According to Hillel Steiner[ii], “the best way to defend the right to UBI involves a dual strategy: (a) showing that this right is implied by some more basic and uncontested principle, and (b) showing that this right is compatible with, and does not encroach upon, other widely accepted rights”. As a left-libertarian, Steiner regards the Earth as humanity’s common possession[iii], which entails that if somebody intends to appropriate herself of any portion of it, she should compensate her fellow co-owners. If she didn’t, she would be illegitimately appropriating of something that is not really hers. In other words, she would be stealing. Steiner’s emphasis on natural resources colors both his model of basic income and his preferred justification of it:
“In my view, a right to UBI should be funded by a 100% tax on the ownership of natural resources, commonly termed a ‘Land Value Tax’ or, more accurately, a ‘Location Value Tax’. This tax would be levied on the value of those locations themselves, and not on the value of any improvements made to those locations by human labour. A right to a UBI funded in this way satisfies (a) since those taxable natural resources/locations, not being the product of any person’s labour, are rightfully available for use by everyone. So if someone wants to privatise some of them, and to exclude all others from using them, then it seems only fair that the privatizer should compensate those others. The UBI I’m proposing simply is that compensation.”

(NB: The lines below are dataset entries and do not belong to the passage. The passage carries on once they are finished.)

lemma sqrt_mult_suminf_less:
  fixes p q :: "nat \<Rightarrow> real"
  assumes p: "summable (\<lambda>s. p s * t ^ s)" and q: "summable (\<lambda>s. q s * t ^ s)"
    and "0 \<le> t" "\<And>s. 0 \<le> q s" "\<And>s. (p s)\<^sup>2 \<le> q s * q (Suc s)" "0 < q 0"
  shows "sqrt t * (\<Sum>s. p s * t ^ s) < (\<Sum>s. q s * t ^ s)"
proof -
  have q_Suc: "summable (\<lambda>s. q (Suc s) * t ^ Suc s)"
    using q by (subst summable_Suc_iff)
  have term_bound: "sqrt t * (p s * t ^ s) \<le> (q s * t ^ s + q (Suc s) * t ^ Suc s) / 2" for s
  proof -
    have "(sqrt t * (p s * t ^ s))\<^sup>2 = t * (p s)\<^sup>2 * (t ^ s)\<^sup>2"
      using assms(3) by (simp add: power_mult_distrib)
    also have "\<dots> \<le> t * (q s * q (Suc s)) * (t ^ s)\<^sup>2"
      using assms by (intro mult_right_mono mult_left_mono) auto
    also have "\<dots> = q s * t ^ s * (q (Suc s) * t ^ Suc s)"
      by (simp add: power2_eq_square algebra_simps)
    finally have "sqrt t * (p s * t ^ s) \<le> sqrt (q s * t ^ s * (q (Suc s) * t ^ Suc s))"
      by (rule real_le_rsqrt)
    also have "\<dots> \<le> (q s * t ^ s + q (Suc s) * t ^ Suc s) / 2"
      using assms by (intro arith_geo_mean_sqrt) auto
    finally show ?thesis .
  qed
  have "sqrt t * (\<Sum>s. p s * t ^ s) = (\<Sum>s. sqrt t * (p s * t ^ s))"
    using p by (rule suminf_mult[symmetric])
  also have "\<dots> \<le> (\<Sum>s. (q s * t ^ s + q (Suc s) * t ^ Suc s) / 2)"
    using p q q_Suc term_bound by (intro suminf_le summable_mult summable_divide summable_add) auto
  also have "\<dots> = (\<Sum>s. q s * t ^ s) - q 0 / 2"
    using suminf_add[OF q q_Suc] suminf_split_head[OF q] suminf_divide[OF summable_add[OF q q_Suc], of 2]
    by simp
  also have "\<dots> < (\<Sum>s. q s * t ^ s)"
    using assms by simp
  finally show ?thesis .
qed
lemma lie_group_aut_map_prod:
  fixes \<rho> :: "'q::finite \<Rightarrow> 'q \<Rightarrow> 'p::finite \<Rightarrow> real"
  assumes A: "linear A" "bij A" and B: "linear B" "bij B"
    and K: "\<And>x y. brk \<rho> (A x) (A y) = B (brk \<rho> x y)"
  shows "lie_group_aut \<rho> (map_prod A B)"
  unfolding lie_group_aut_def group_aut_def
proof (intro conjI allI)
  show "bij (map_prod A B)" using bij_betw_map_prod[OF A(2) B(2)] by simp
  fix a b
  show "map_prod A B (nmul \<rho> a b) = nmul \<rho> (map_prod A B a) (map_prod A B b)"
    by (cases a, cases b) (simp add: linear_add[OF A(1)] linear_add[OF B(1)] linear_scale[OF B(1)] K)
next
  have "linear (map_prod A B)"
    by (intro linearI) (auto simp: linear_add[OF A(1)] linear_add[OF B(1)]
        linear_scale[OF A(1)] linear_scale[OF B(1)])
  then show "continuous_on UNIV (map_prod A B)"
    by (intro linear_continuous_on) (simp add: linear_conv_bounded_linear[symmetric])
qed

locale nilpotent_aut =
  fixes \<rho> :: "'q::finite \<Rightarrow> 'q \<Rightarrow> 'p::finite \<Rightarrow> real" and F
  assumes alternating: "\<rho> \<in> Vpq"
    and center: "ncenter \<rho> = {c. fst c = 0}"
    and aut: "group_aut \<rho> F"
begin

definition A :: "real^'q \<Rightarrow> real^'q" where "A x = fst (F (x, 0))"
definition B :: "real^'p \<Rightarrow> real^'p" where "B z = snd (F (0, z))"
definition C :: "real^'q \<Rightarrow> real^'p" where "C x = snd (F (x, 0))"

lemma F_hom: "F (nmul \<rho> a b) = nmul \<rho> (F a) (F b)"
  using aut unfolding group_aut_def by blast

lemma F_inj: "inj F"
  using aut unfolding group_aut_def by (simp add: bij_is_inj)

lemma F_center: "F (0, z) = (0, B z)"
proof -
  have "F (0, z) \<in> ncenter \<rho>" using group_aut_ncenter_iff[OF aut] center by simp
  then show ?thesis using center by (simp add: B_def prod_eq_iff)
qed

lemma additive_B: "Modules.additive B"
proof
  fix z w
  have "F (0, z + w) = nmul \<rho> (F (0, z)) (F (0, w))" using F_hom[of "(0, z)" "(0, w)"] by simp
  then show "B (z + w) = B z + B w" by (simp add: F_center)
qed

interpretation B: additive B by (rule additive_B)

lemma F_pair: "F (x, z) = (A x, C x + B z)"
proof -
  have "F (x, 0) = (A x, C x)" by (simp add: A_def C_def)
  then show ?thesis using F_hom[of "(x, 0)" "(0, z)"] by (simp add: F_center)
qed

lemma F_horizontal_mult:
  "A (x + y) = A x + A y \<and>
   C (x + y) + (1/2) *\<^sub>R B (brk \<rho> x y) = C x + C y + (1/2) *\<^sub>R brk \<rho> (A x) (A y)"
proof -
  have half: "B ((1/2) *\<^sub>R w) = (1/2) *\<^sub>R B w" for w
    using B.add[of "(1/2) *\<^sub>R w" "(1/2) *\<^sub>R w"] by (simp flip: scaleR_add_left)
  show ?thesis using F_hom[of "(x, 0)" "(y, 0)"] by (simp add: F_pair B.add B.zero half)
qed

lemma additive_A: "Modules.additive A"
  by standard (simp add: F_horizontal_mult)

lemma brk_A: "brk \<rho> (A x) (A y) = B (brk \<rho> x y)"
proof -
  have "C (x + y) + (1/2) *\<^sub>R B (brk \<rho> x y) = C x + C y + (1/2) *\<^sub>R brk \<rho> (A x) (A y)"
    and "C (x + y) - (1/2) *\<^sub>R B (brk \<rho> x y) = C x + C y - (1/2) *\<^sub>R brk \<rho> (A x) (A y)"
    using F_horizontal_mult[of x y] F_horizontal_mult[of y x]
    by (simp_all add: brk_antisym[OF alternating, of y x] brk_antisym[OF alternating, of "A y" "A x"]
        B.minus add.commute)
  then have "(C (x + y) + (1/2) *\<^sub>R B (brk \<rho> x y)) - (C (x + y) - (1/2) *\<^sub>R B (brk \<rho> x y)) =
      (C x + C y + (1/2) *\<^sub>R brk \<rho> (A x) (A y)) - (C x + C y - (1/2) *\<^sub>R brk \<rho> (A x) (A y))"
    by simp
  then show ?thesis by (simp flip: scaleR_add_left)
qed

lemma additive_C: "Modules.additive C"
  by standard (use F_horizontal_mult brk_A in simp)

lemma bij_A: "bij A"
proof (rule bijI)
  show "inj A"
  proof (rule injI)
    fix x y assume "A x = A y"
    then have "F (x - y, 0) \<in> ncenter \<rho>"
      using additive.diff[OF additive_A] by (simp add: F_pair center)
    then have "(x - y, 0) \<in> ncenter \<rho>" using group_aut_ncenter_iff[OF aut] by blast
    then show "x = y" using center by simp
  qed
  have "u \<in> range A" for u
  proof -
    have "surj F" using aut unfolding group_aut_def by (simp add: bij_is_surj)
    then obtain x z where "(u, 0) = F (x, z)" using surjD[of F "(u, 0)"] by auto
    then show ?thesis by (simp add: F_pair)
  qed
  then show "surj A" by blast
qed

lemma inj_B: "inj B"
proof (rule injI)
  fix z w assume "B z = B w"
  then have "F (0, z) = F (0, w)" by (simp add: F_center)
  then show "z = w" by (simp add: inj_eq[OF F_inj])
qed
lemma \<mu>_add_if_single_gen:
  fixes x0 :: 'x
  assumes "\<And>y. y = x0"
  shows "\<mu> (u + v) = \<mu> u + \<mu> v"
proof -
  have in_range: "p \<in> range (poly_at_gen x0)" for p :: "'m \<Rightarrow>\<^sub>0 'a"
  proof -
    have "p = subst gen p"
      using alg_End_eq_subst[OF id_in_alg_End, of p] by simp
    also have "\<dots> \<in> range (poly_at_gen x0)"
    proof (rule subst_in_range_poly_at_gen)
      show "gen y \<in> range (poly_at_gen x0)" for y
        using assms[of y] by (intro range_eqI[where x = "[:0, 1:]"]) (simp add: poly_at_gen_X)
    qed
    finally show ?thesis .
  qed
  obtain qu qv where "u = poly_at_gen x0 qu" and "v = poly_at_gen x0 qv"
    using in_range[of u] in_range[of v] by blast
  then show ?thesis
    by (simp add: poly_at_gen_add[symmetric] \<mu>_poly_at_gen \<psi>_eq_map_poly map_poly_add[OF \<sigma>_0 \<sigma>_add])
qed

theorem \<mu>_add: "\<mu> (u + v) = \<mu> u + \<mu> v"
proof (cases "\<exists>x1 x2::'x. x1 \<noteq> x2")
  case True
  then show ?thesis using \<mu>_add_if_two_gens by blast
next
  case False
  then show ?thesis using \<mu>_add_if_single_gen by blast
qed

end

lemma (in free_monoid_algebra) additive_if_conjugation_preserves_End:
  fixes \<mu> :: "('m \<Rightarrow>\<^sub>0 'a::field) \<Rightarrow> ('m \<Rightarrow>\<^sub>0 'a)"
  assumes "\<And>f::'x \<Rightarrow> ('m \<Rightarrow>\<^sub>0 'a). \<exists>s\<in>alg_End. \<forall>x. s (gen x) = f x"
    and "infinite (UNIV :: 'a set)"
    and "bij \<mu> \<and> bij_betw (\<lambda>s. \<mu> \<circ> s \<circ> inv \<mu>) (malg_End (+) 0) (malg_End (+) 0) \<and>
      \<mu> 0 = 0 \<and> \<mu> (malg_one 0) = malg_one 0 \<and> (\<forall>x. \<mu> (gen x) = gen x)"
  shows "\<mu> (u + v) = \<mu> u + \<mu> v"
proof -
  interpret End_conjugation letter \<mu>
    using assms by unfold_locales (auto simp: malg_End_eq_alg_End malg_one_def dest: bij_betwE)
  show ?thesis by (rule \<mu>_add)
qed

subsection \<open>The free commutative and the free associative algebra\<close>

lemma sum_list_singletons_mset: "sum_list (map (\<lambda>x. {#x#}) ws) = mset ws"
  by (induction ws) simp_all

interpretation free_comm: free_monoid_algebra "\<lambda>x. {#x#}"
proof
  show "\<exists>ws. m = sum_list (map (\<lambda>x. {#x#}) ws)" for m :: "'x multiset"
    using ex_mset[of m] by (auto simp: sum_list_singletons_mset)
  show "inj (\<lambda>x::'x. {#x#})"
    by (simp add: inj_def)
  show "k = j" if "sum_list (replicate k {#x#}) = sum_list (replicate j {#x#})" for x :: 'x and k j
  proof -
    have "sum_list (replicate n {#x#}) = replicate_mset n x" for n
      by (induction n) simp_all
    then show ?thesis
      using that by (metis size_replicate_mset)
  qed
qed

lemma free_comm_substitution_exists:
  "\<exists>s\<in>alg_End. \<forall>x. s (malg_gen (\<lambda>y. {#y#}) x) = (f x :: 'x multiset \<Rightarrow>\<^sub>0 'a::comm_ring_1)"
proof (intro bexI allI)
  have word: "prod_list (map f (free_comm.word m)) = prod_mset (image_mset f m)" for m
  proof -
    have "mset (free_comm.word m) = m"
      using free_comm.sum_list_word[of m] by (simp add: sum_list_singletons_mset)
    then show ?thesis
      by (metis mset_map prod_mset_prod_list)
  qed
  show "free_comm.subst f \<in> alg_End"
    by (rule free_comm.subst_in_alg_EndI) (simp_all add: word)
  show "free_comm.subst f (malg_gen (\<lambda>y. {#y#}) x) = f x" for x
    by (simp add: malg_gen_def free_comm.subst_single word)
qed

text \<open>Lists are made an additive monoid under append so that their monoid algebra inherits
  the ring structure of finitely supported functions on a monoid.\<close>

instantiation list :: (type) monoid_add
begin
definition zero_list_def: "0 = []"
definition plus_list_def: "xs + ys = xs @ ys"
instance by standard (simp_all add: zero_list_def plus_list_def)
end

lemma plus_list_eq_append: "(+) = (@)"
  by (simp add: fun_eq_iff plus_list_def)

lemma sum_list_singletons_list: "sum_list (map (\<lambda>x. [x]) ws) = ws"
  by (induction ws) (simp_all add: zero_list_def plus_list_def)

interpretation free_assoc: free_monoid_algebra "\<lambda>x. [x]"
proof
  show "\<exists>ws. m = sum_list (map (\<lambda>x. [x]) ws)" for m :: "'x list"
    using sum_list_singletons_list by metis
  show "inj (\<lambda>x::'x. [x])"
    by (simp add: inj_def)
  show "k = j" if "sum_list (replicate k [x]) = sum_list (replicate j [x])" for x :: 'x and k j
  proof -
    have "sum_list (replicate n [x]) = replicate n x" for n
      by (induction n) (simp_all add: zero_list_def plus_list_def)
    then show ?thesis using that by simp
  qed
qed

lemma free_assoc_substitution_exists:
  "\<exists>s\<in>alg_End. \<forall>x. s (malg_gen (\<lambda>y. [y]) x) = (f x :: 'x list \<Rightarrow>\<^sub>0 'a::comm_ring_1)"
proof (intro bexI allI)
  have word: "free_assoc.word m = m" for m
    using free_assoc.sum_list_word[of m] by (simp add: sum_list_singletons_list)
  show "free_assoc.subst f \<in> alg_End"
    by (rule free_assoc.subst_in_alg_EndI) (simp_all add: word plus_list_def zero_list_def)
  show "free_assoc.subst f (malg_gen (\<lambda>y. [y]) x) = f x" for x
    by (simp add: malg_gen_def free_assoc.subst_single word)
qed

theorem lemma3p4:
  assumes "infinite (UNIV :: 'a::field set)"
  shows
  \<comment> \<open>free commutative algebra P[X]\<close>
  "(\<forall>\<mu> :: ('x::finite multiset \<Rightarrow>\<^sub>0 'a) \<Rightarrow> ('x multiset \<Rightarrow>\<^sub>0 'a).
      bij \<mu> \<and>
      bij_betw (\<lambda>s. \<mu> \<circ> s \<circ> inv \<mu>) (malg_End (+) {#}) (malg_End (+) {#}) \<and>
      \<mu> 0 = 0 \<and> \<mu> (malg_one {#}) = malg_one {#} \<and>
      (\<forall>x. \<mu> (malg_gen (\<lambda>y. {#y#}) x) = malg_gen (\<lambda>y. {#y#}) x)
      \<longrightarrow> (\<forall>u v. \<mu> (u + v) = \<mu> u + \<mu> v))
   \<and>
  \<comment> \<open>free associative algebra P<X>\<close>
   (\<forall>\<mu> :: ('x::finite list \<Rightarrow>\<^sub>0 'a) \<Rightarrow> ('x list \<Rightarrow>\<^sub>0 'a).
      bij \<mu> \<and>
      bij_betw (\<lambda>s. \<mu> \<circ> s \<circ> inv \<mu>) (malg_End (@) []) (malg_End (@) []) \<and>
      \<mu> 0 = 0 \<and> \<mu> (malg_one []) = malg_one [] \<and>
      (\<forall>x. \<mu> (malg_gen (\<lambda>y. [y]) x) = malg_gen (\<lambda>y. [y]) x)
      \<longrightarrow> (\<forall>u v. \<mu> (u + v) = \<mu> u + \<mu> v))"
  by (intro conjI allI impI)
    (erule free_comm.additive_if_conjugation_preserves_End[OF free_comm_substitution_exists assms],
     erule free_assoc.additive_if_conjugation_preserves_End[OF free_assoc_substitution_exists assms,
       unfolded plus_list_eq_append zero_list_def])

end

This is a fairly common way to defend the right to a basic income, also employed by Guy Standing[iv], author of Basic Income: And How we Can Make it Happen[v]. In Standing’s view, “the right to a basic income can be justified on three ethical grounds. First, it is a matter of common justice. The land, the air, water, and even ideas inherited from our ancestors are all part of the commons which belong to everybody equally. But elites and the wealthy have been given, have inherited or have used the commons for their benefit. Therefore, they should compensate the commoners who have lost the commons, and the fairest way to do that is give everybody in society a common payment, a ‘common dividend’ on our collective public wealth”.
Again, the basic income is presented as a way of compensating human beings for having deprived them of what is, in essence, a public good. However, as we have seen, Standing believes there are additional reasons on behalf of a basic income. “[A] second fundamentally ethical reason for a basic income”, he contends, “is that it would enhance individual and societal freedom. In particular, it would strengthen republican freedom — the freedom from domination by figures in unaccountable positions of power. Whether you are on the political left or right, we all claim (or most of us do!) to believe in freedom. But you cannot be free unless you have the capacity to say ‘no’ to people who can oppress or exploit you. If you do not have basic income security, you do not have that capacity.”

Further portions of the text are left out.